I have worked on a program that allows users to enter their own regex and you are right - they can (and do) enter regex that can take a long time to finish - sometimes longer than than the lifetime of the universe. What is worse, while processing a regex Python holds the GIL, so it will not only hang the thread that is running the regex, but the entire program.
Limiting the length of the regex will not work, since the problem is backtracking. For example, matching the regex r"(\S+)+x"
on a string of length N that does not contain an "x" will backtrack 2**N times. On my system this takes about a second to match against "a"*21
and the time doubles for each additional character, so a string of 100 characters would take approximately 19167393131891000 years to complete (this is an estimate, I have not timed it).

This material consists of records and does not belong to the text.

(* Let $n\ge 2$ and $\sigma\ge 0$. The matrix $\mathbf A_\sigma^{-1}\mathbf B$ is diagonalizable over $\mathbb R$, so its eigenvectors form a basis of $\mathbb R^n$. Its eigenvalues are real and, ordered decreasingly, satisfy $$1\ \ge\ \lambda_1(\mathbf A_\sigma^{-1}\mathbf B)\ \ge\ \dots\ \ge\ \lambda_{n-1}(\mathbf A_\sigma^{-1}\mathbf B)\ >\ 0\ >\ \lambda_n(\mathbf A_\sigma^{-1}\mathbf B)\ \ge\ -1 .$$ In particular, $\mathbf A_\sigma^{-1}\mathbf B$ has exactly one negative eigenvalue.
   Context: Let $\mathbf L\in\mathbb R^{n\times n}$ be the periodic discrete one-dimensional Laplacian, i.e. $(\mathbf L\mathbf x)_i=x_{i-1}-2x_i+x_{i+1}$ with indices taken modulo $n$. For $n\ge3$ this is the circulant matrix with $-2$ on the diagonal and $1$ on the sub- and superdiagonal and in the corners $(1,n),(n,1)$. For $\sigma\ge 0$ set $\mathbf A_\sigma=\mathbf I-\sigma\mathbf L$, which is symmetric positive definite. Let $\mathbf B=\mathrm{diag}(1,\dots,1,-1)\in\mathbb R^{n\times n}$. *)

theory Defs
  imports "Jordan_Normal_Form.Gauss_Jordan_Elimination" "Jordan_Normal_Form.Char_Poly"
begin

definition lap_mat :: "nat \<Rightarrow> real mat" where
  "lap_mat n = mat n n (\<lambda>(i,j).
      (if j = (i + n - 1) mod n then 1 else 0) - (if j = i then 2 else 0)
    + (if j = (i + 1) mod n then 1 else 0))"

definition A_mat :: "real \<Rightarrow> nat \<Rightarrow> real mat" where
  "A_mat \<sigma> n = 1\<^sub>m n - \<sigma> \<cdot>\<^sub>m lap_mat n"

definition B_mat :: "nat \<Rightarrow> real mat" where
  "B_mat n = mat n n (\<lambda>(i,j). if i = j then (if i = n - 1 then -1 else 1) else 0)"

text \<open>The inverse of A_sigma (A_sigma is invertible; mat_inverse returns Some of the inverse).\<close>
definition A_inv :: "real \<Rightarrow> nat \<Rightarrow> real mat" where
  "A_inv \<sigma> n = the (mat_inverse (A_mat \<sigma> n))"

end

theory Submission
  imports Defs "Jordan_Normal_Form.Jordan_Normal_Form_Uniqueness"
    "Jordan_Normal_Form.Jordan_Normal_Form_Existence"
begin

text \<open>
  \<open>A = I - \<sigma> L\<close> is symmetric and dominates the identity, since the periodic Laplacian is negative
  semidefinite. As \<open>A (A\<^sup>-\<^sup>1 B) = B\<close> is symmetric, \<open>M = A\<^sup>-\<^sup>1 B\<close> is self-adjoint for the inner product
  \<open>\<langle>x, y\<rangle> = x \<bullet> A y\<close>, hence diagonalizable over the reals. An eigenpair \<open>(\<mu>, v)\<close> of \<open>M\<close> satisfies
  \<open>B v = \<mu> A v\<close>, so \<open>\<mu> = v \<bullet> B v / v \<bullet> A v\<close>; as \<open>\<bar>v \<bullet> B v\<bar> \<le> v \<bullet> v \<le> v \<bullet> A v\<close> and \<open>B\<close> is
  invertible, \<open>0 < \<bar>\<mu>\<bar> \<le> 1\<close>. Since \<open>det M = det B / det A = -1 / det A < 0\<close>, some eigenvalue is
  negative. Two independent eigenvectors with negative eigenvalues would span a plane on which
  \<open>v \<bullet> B v\<close> is negative definite; but that plane contains a nonzero vector with vanishing last
  coordinate, on which \<open>v \<bullet> B v \<ge> 0\<close>.
\<close>

section \<open>Matrices and quadratic forms\<close>

lemma scalar_prod_self_pos:
  fixes v :: "real vec"
  assumes "v \<in> carrier_vec n" "v \<noteq> 0\<^sub>v n"
  shows "0 < v \<bullet> v"
  using conjugate_square_greater_0_vec[OF assms(1)] assms(2) by simp

lemma mult_mat_vec_zero_vec: "A \<in> carrier_mat nr nc \<Longrightarrow> A *\<^sub>v 0\<^sub>v nc = 0\<^sub>v nr"
  by (intro eq_vecI) auto

lemma smult_mat_mult_vec:
  "A \<in> carrier_mat nr nc \<Longrightarrow> v \<in> carrier_vec nc \<Longrightarrow> (c \<cdot>\<^sub>m A) *\<^sub>v v = c \<cdot>\<^sub>v (A *\<^sub>v v)"
  by (rule eq_vecI) (auto simp: scalar_prod_def sum_distrib_left ac_simps)

lemma transpose_smult_mat: "transpose_mat (c \<cdot>\<^sub>m A) = c \<cdot>\<^sub>m transpose_mat A"
  by (rule eq_matI) auto

lemma symmetric_form_comm:
  fixes G :: "'a :: comm_semiring_0 mat"
  assumes G: "G \<in> carrier_mat n n" and sym: "transpose_mat G = G"
    and x: "x \<in> carrier_vec n" and y: "y \<in> carrier_vec n"
  shows "x \<bullet> (G *\<^sub>v y) = y \<bullet> (G *\<^sub>v x)"
proof -
  have "x \<bullet> (G *\<^sub>v y) = (transpose_mat G *\<^sub>v y) \<bullet> x"
    using G x y sym by (simp add: comm_scalar_prod[of _ n])
  also have "\<dots> = y \<bullet> (G *\<^sub>v x)" by (rule transpose_vec_mult_scalar[OF G x y])
  finally show ?thesis .
qed

lemma of_real_mat_mult_vec_Re_Im:
  fixes X :: "real mat" and v :: "complex vec"
  assumes "X \<in> carrier_mat nr nc" "v \<in> carrier_vec nc"
  shows "map_vec Re (map_mat complex_of_real X *\<^sub>v v) = X *\<^sub>v map_vec Re v"
    and "map_vec Im (map_mat complex_of_real X *\<^sub>v v) = X *\<^sub>v map_vec Im v"
  using assms by (auto intro!: eq_vecI simp: scalar_prod_def Re_sum Im_sum)

lemma form_lincomb:
  fixes G :: "'a :: field mat"
  assumes "G \<in> carrier_mat n n" "a \<in> carrier_vec n" "b \<in> carrier_vec n"
  shows "(s \<cdot>\<^sub>v a + t \<cdot>\<^sub>v b) \<bullet> (G *\<^sub>v (s \<cdot>\<^sub>v a + t \<cdot>\<^sub>v b))
    = s * s * (a \<bullet> (G *\<^sub>v a)) + s * t * (a \<bullet> (G *\<^sub>v b)) + t * s * (b \<bullet> (G *\<^sub>v a)) + t * t * (b \<bullet> (G *\<^sub>v b))"
  using assms
  by (simp add: mult_add_distrib_mat_vec mult_mat_vec scalar_prod_add_distrib[of _ n]
      add_scalar_prod_distrib[of _ n] algebra_simps)

lemma diagonal_mat_mult_index:
  assumes "D \<in> carrier_mat n n" "diagonal_mat D" "A \<in> carrier_mat m n" "i < m" "j < n"
  shows "(A * D) $$ (i, j) = A $$ (i, j) * D $$ (j, j)"
proof -
  have "(A * D) $$ (i, j) = (\<Sum>k \<in> {0..<n}. A $$ (i, k) * D $$ (k, j))"
    using assms by (simp add: scalar_prod_def)
  also have "\<dots> = (\<Sum>k \<in> {0..<n}. if k = j then A $$ (i, j) * D $$ (j, j) else 0)"
    using assms unfolding diagonal_mat_def by (intro sum.cong) auto
  finally show ?thesis using assms by simp
qed

lemma jordan_matrix_diagonal:
  assumes "\<forall>(k, a) \<in> set n_as. k = 1"
  shows "diagonal_mat (jordan_matrix n_as)"
  using assms
proof (induct n_as)
  case Nil
  show ?case by (simp add: diagonal_mat_def)
next
  case (Cons ka n_as)
  then obtain a where ka: "ka = (1, a)" by auto
  from Cons show ?case
    unfolding ka diagonal_mat_def jordan_matrix_Cons by (auto simp: jordan_block_def)
qed

lemma sum_list_mono_eq_imp_eq:
  fixes f g :: "'a \<Rightarrow> nat"
  assumes "\<forall>x \<in> set xs. f x \<le> g x" and "(\<Sum>x\<leftarrow>xs. f x) = (\<Sum>x\<leftarrow>xs. g x)"
  shows "\<forall>x \<in> set xs. f x = g x"
  using assms
proof (induct xs)
  case (Cons y xs)
  have "(\<Sum>x\<leftarrow>xs. f x) \<le> (\<Sum>x\<leftarrow>xs. g x)" using Cons.prems(1) by (intro sum_list_mono) auto
  with Cons show ?case by auto
qed simp

lemma similar_mat_wit_mult_right:
  assumes "similar_mat_wit X D P Q" "X \<in> carrier_mat n n"
  shows "X * P = P * D"
proof -
  note wit = similar_mat_witD2[OF assms(2,1)]
  have "X * P = P * D * (Q * P)"
    using wit by (simp add: assoc_mult_mat[of _ n n _ n _ n])
  thus ?thesis using wit by simp
qed

lemma similar_mat_witI_mult_right:
  assumes carr: "X \<in> carrier_mat n n" "D \<in> carrier_mat n n" "P \<in> carrier_mat n n" "Q \<in> carrier_mat n n"
    and PQ: "P * Q = 1\<^sub>m n" and QP: "Q * P = 1\<^sub>m n" and XP: "X * P = P * D"
  shows "similar_mat_wit X D P Q"
proof (rule similar_mat_witI[OF PQ QP _ carr])
  have "X = X * P * Q" using carr PQ by (simp add: assoc_mult_mat[of _ n n _ n _ n])
  thus "X = P * D * Q" unfolding XP .
qed

lemma similar_mat_wit_invertible:
  assumes "X \<in> carrier_mat n n" "similar_mat_wit X D P Q"
  shows "invertible_mat P"
  using similar_mat_witD2[OF assms]
  unfolding invertible_mat_def inverts_mat_def square_mat.simps by auto

lemma permute_inverse_mats:
  fixes P Q :: "'a :: comm_ring_1 mat"
  assumes P: "P \<in> carrier_mat n n" and Q: "Q \<in> carrier_mat n n"
    and PQ: "P * Q = 1\<^sub>m n" and QP: "Q * P = 1\<^sub>m n" and bij: "bij_betw p {0..<n} {0..<n}"
  shows "mat n n (\<lambda>(i, j). P $$ (i, p j)) * mat n n (\<lambda>(i, j). Q $$ (p i, j)) = 1\<^sub>m n" (is "?P' * ?Q' = _")
    and "mat n n (\<lambda>(i, j). Q $$ (p i, j)) * mat n n (\<lambda>(i, j). P $$ (i, p j)) = 1\<^sub>m n"
proof -
  have p: "p j < n" if "j < n" for j using bij_betwE[OF bij] that by auto
  show "?P' * ?Q' = 1\<^sub>m n"
  proof (rule eq_matI)
    fix i j assume "i < dim_row (1\<^sub>m n)" "j < dim_col (1\<^sub>m n :: 'a mat)"
    hence i: "i < n" and j: "j < n" by auto
    have "(?P' * ?Q') $$ (i, j) = (\<Sum>k \<in> {0..<n}. P $$ (i, p k) * Q $$ (p k, j))"
      using i j by (simp add: scalar_prod_def)
    also have "\<dots> = (\<Sum>k \<in> {0..<n}. P $$ (i, k) * Q $$ (k, j))"
      by (rule sum.reindex_bij_betw[OF bij])
    also have "\<dots> = (P * Q) $$ (i, j)" using P Q i j by (simp add: scalar_prod_def)
    finally show "(?P' * ?Q') $$ (i, j) = 1\<^sub>m n $$ (i, j)" unfolding PQ .
  qed auto
  show "?Q' * ?P' = 1\<^sub>m n"
  proof (rule eq_matI)
    fix i j assume "i < dim_row (1\<^sub>m n)" "j < dim_col (1\<^sub>m n :: 'a mat)"
    hence i: "i < n" and j: "j < n" by auto
    have "(?Q' * ?P') $$ (i, j) = (Q * P) $$ (p i, p j)"
      using Q P i j p[OF i] p[OF j] by (simp add: scalar_prod_def)
    thus "(?Q' * ?P') $$ (i, j) = 1\<^sub>m n $$ (i, j)"
      using QP i j p[OF i] p[OF j] inj_on_eq_iff[OF bij_betw_imp_inj_on[OF bij]] by simp
  qed auto
qed

lemma similar_mat_wit_diagonal_permute:
  fixes X D P Q :: "'a :: comm_ring_1 mat"
  assumes X: "X \<in> carrier_mat n n" and wit: "similar_mat_wit X D P Q" and diag: "diagonal_mat D"
    and bij: "bij_betw p {0..<n} {0..<n}"
  shows "similar_mat_wit X (mat n n (\<lambda>(i, j). if i = j then D $$ (p i, p i) else 0))
    (mat n n (\<lambda>(i, j). P $$ (i, p j))) (mat n n (\<lambda>(i, j). Q $$ (p i, j)))"
    (is "similar_mat_wit X ?D' ?P' ?Q'")
proof -
  note wit' = similar_mat_witD2[OF X wit]
  have D: "D \<in> carrier_mat n n" and P: "P \<in> carrier_mat n n" and Q: "Q \<in> carrier_mat n n"
    using wit' by auto
  have p: "p j < n" if "j < n" for j using bij_betwE[OF bij] that by auto
  have carr: "?P' \<in> carrier_mat n n" "?Q' \<in> carrier_mat n n" "?D' \<in> carrier_mat n n" by auto
  have diag': "diagonal_mat ?D'" unfolding diagonal_mat_def by auto
  have "X * ?P' = ?P' * ?D'"
  proof (rule eq_matI)
    fix i j assume "i < dim_row (?P' * ?D')" "j < dim_col (?P' * ?D')"
    hence i: "i < n" and j: "j < n" by auto
    have "(X * ?P') $$ (i, j) = (X * P) $$ (i, p j)" using X P i j p[OF j] by (simp add: scalar_prod_def)
    also have "\<dots> = P $$ (i, p j) * D $$ (p j, p j)"
      unfolding similar_mat_wit_mult_right[OF wit X]
      using diagonal_mat_mult_index[OF D diag P i p[OF j]] .
    also have "\<dots> = (?P' * ?D') $$ (i, j)"
      using diagonal_mat_mult_index[OF carr(3) diag' carr(1) i j] i j p[OF j] by simp
    finally show "(X * ?P') $$ (i, j) = (?P' * ?D') $$ (i, j)" .
  qed (use X in auto)
  thus ?thesis
    using similar_mat_witI_mult_right[OF X carr(3,1,2)] permute_inverse_mats[OF P Q _ _ bij] wit' by blast
qed

lemma similar_mat_wit_diagonal_sorted:
  fixes X D P Q :: "'a :: linordered_idom mat"
  assumes X: "X \<in> carrier_mat n n" and wit: "similar_mat_wit X D P Q" and diag: "diagonal_mat D"
  shows "\<exists>D' P' Q'. similar_mat_wit X D' P' Q' \<and> diagonal_mat D'
    \<and> (\<forall>i j. i \<le> j \<and> j < n \<longrightarrow> D' $$ (j, j) \<le> D' $$ (i, i))"
proof -
  define xs where "xs = sort_key (\<lambda>i. - D $$ (i, i)) [0..<n]"
  have len: "length xs = n" and set: "set xs = {0..<n}" and dist: "distinct xs"
    unfolding xs_def by simp_all
  have bij: "bij_betw (\<lambda>j. xs ! j) {0..<n} {0..<n}"
    using bij_betw_nth[OF dist _ set[symmetric]] len by (simp add: lessThan_atLeast0)
  let ?D' = "mat n n (\<lambda>(i, j). if i = j then D $$ (xs ! i, xs ! i) else 0)"
  have "diagonal_mat ?D'" unfolding diagonal_mat_def by auto
  moreover have "?D' $$ (j, j) \<le> ?D' $$ (i, i)" if "i \<le> j" "j < n" for i j
    using sorted_nth_mono[OF sorted_sort_key[of "\<lambda>i. - D $$ (i, i)" "[0..<n]"], of i j] that len
    unfolding xs_def by simp
  ultimately show ?thesis using similar_mat_wit_diagonal_permute[OF X wit diag bij] by blast
qed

For more information read the O'Reilly book "Mastering Regular Expressions" - this has a couple of chapters on performance.
edit
To get round this we wrote a regex analysing function that tried to catch and reject some of the more obvious degenerate cases, but it is impossible to get all of them.
Another thing we looked at was patching the re module to raise an exception if it backtracks too many times. This is possible, but requires changing the Python C source and recompiling, so is not portable. We also submitted a patch to release the GIL when matching against python strings, but I don't think it was accepted into the core (python only holds the GIL because regex can be run against mutable buffers).